lemma hess_metric_polar:
  assumes circle: "\<And>\<tau>. cos \<tau> *\<^sub>R u + sin \<tau> *\<^sub>R v \<noteq> 0" and "sin t \<noteq> 0"
  defines "f \<equiv> \<lambda>\<tau>. energy F (cos \<tau> *\<^sub>R u + sin \<tau> *\<^sub>R v)"
  shows "hess_metric F (cos t *\<^sub>R u + sin t *\<^sub>R v) u v
    = - cos t * sin t * deriv (deriv f) t + ((cos t)\<^sup>2 - (sin t)\<^sup>2) * deriv f t"
proof -
  define P where "P = cos t *\<^sub>R u + sin t *\<^sub>R v"
  define P' where "P' = - sin t *\<^sub>R u + cos t *\<^sub>R v"
  define H where "H = hess_metric F P"
  have b: "bilinear H"
    unfolding H_def P_def by (rule bilinear_hess_metric[OF circle])
  have "H P u = H u P"
    using hess_metric_symmetric_at_base_point[OF circle, of t u] by (simp add: H_def P_def)
  then have sym: "H v u = H u v"
    using \<open>sin t \<noteq> 0\<close> unfolding P_def
    by (simp add: bilinear_ladd[OF b] bilinear_radd[OF b] bilinear_lmul[OF b] bilinear_rmul[OF b])
  note expand = bilinear_ladd[OF b] bilinear_radd[OF b] bilinear_lsub[OF b] bilinear_rsub[OF b]
    bilinear_lmul[OF b] bilinear_rmul[OF b] sym
  have "H P P' = - cos t * sin t * H u u + ((cos t)\<^sup>2 - (sin t)\<^sup>2) * H u v + cos t * sin t * H v v"
    unfolding P_def P'_def by (simp add: expand power2_eq_square algebra_simps)
  moreover have "H P' P' - H P P = ((sin t)\<^sup>2 - (cos t)\<^sup>2) * (H u u - H v v) - 4 * cos t * sin t * H u v"
    unfolding P_def P'_def by (simp add: expand power2_eq_square algebra_simps)
  moreover have "- c * s * (((s\<^sup>2 - c\<^sup>2) * (a - d) - 4 * c * s * b))
      + (c\<^sup>2 - s\<^sup>2) * (- c * s * a + (c\<^sup>2 - s\<^sup>2) * b + c * s * d) = b * (c\<^sup>2 + s\<^sup>2)\<^sup>2"
    for a b c d s :: real
    by (simp add: power2_eq_square algebra_simps)
  ultimately show ?thesis
    using energy_along_circle_derivatives[OF circle, of t, folded f_def P_def P'_def H_def]
    by (simp add: H_def P_def)
qed

end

+++

What is required:
Within the data above, the span starting at the line containing "t)\<^sup>2) * H" and ending at the line containing "ultimately show ?thesis" is to be retyped exactly, with no other lines.

Solution for this problem:
  have "H P P' = - cos t * sin t * H u u + ((cos t)\<^sup>2 - (sin t)\<^sup>2) * H u v + cos t * sin t * H v v"
    unfolding P_def P'_def by (simp add: expand power2_eq_square algebra_simps)
  moreover have "H P' P' - H P P = ((sin t)\<^sup>2 - (cos t)\<^sup>2) * (H u u - H v v) - 4 * cos t * sin t * H u v"
    unfolding P_def P'_def by (simp add: expand power2_eq_square algebra_simps)
  moreover have "- c * s * (((s\<^sup>2 - c\<^sup>2) * (a - d) - 4 * c * s * b))
      + (c\<^sup>2 - s\<^sup>2) * (- c * s * a + (c\<^sup>2 - s\<^sup>2) * b + c * s * d) = b * (c\<^sup>2 + s\<^sup>2)\<^sup>2"
    for a b c d s :: real
    by (simp add: power2_eq_square algebra_simps)
  ultimately show ?thesis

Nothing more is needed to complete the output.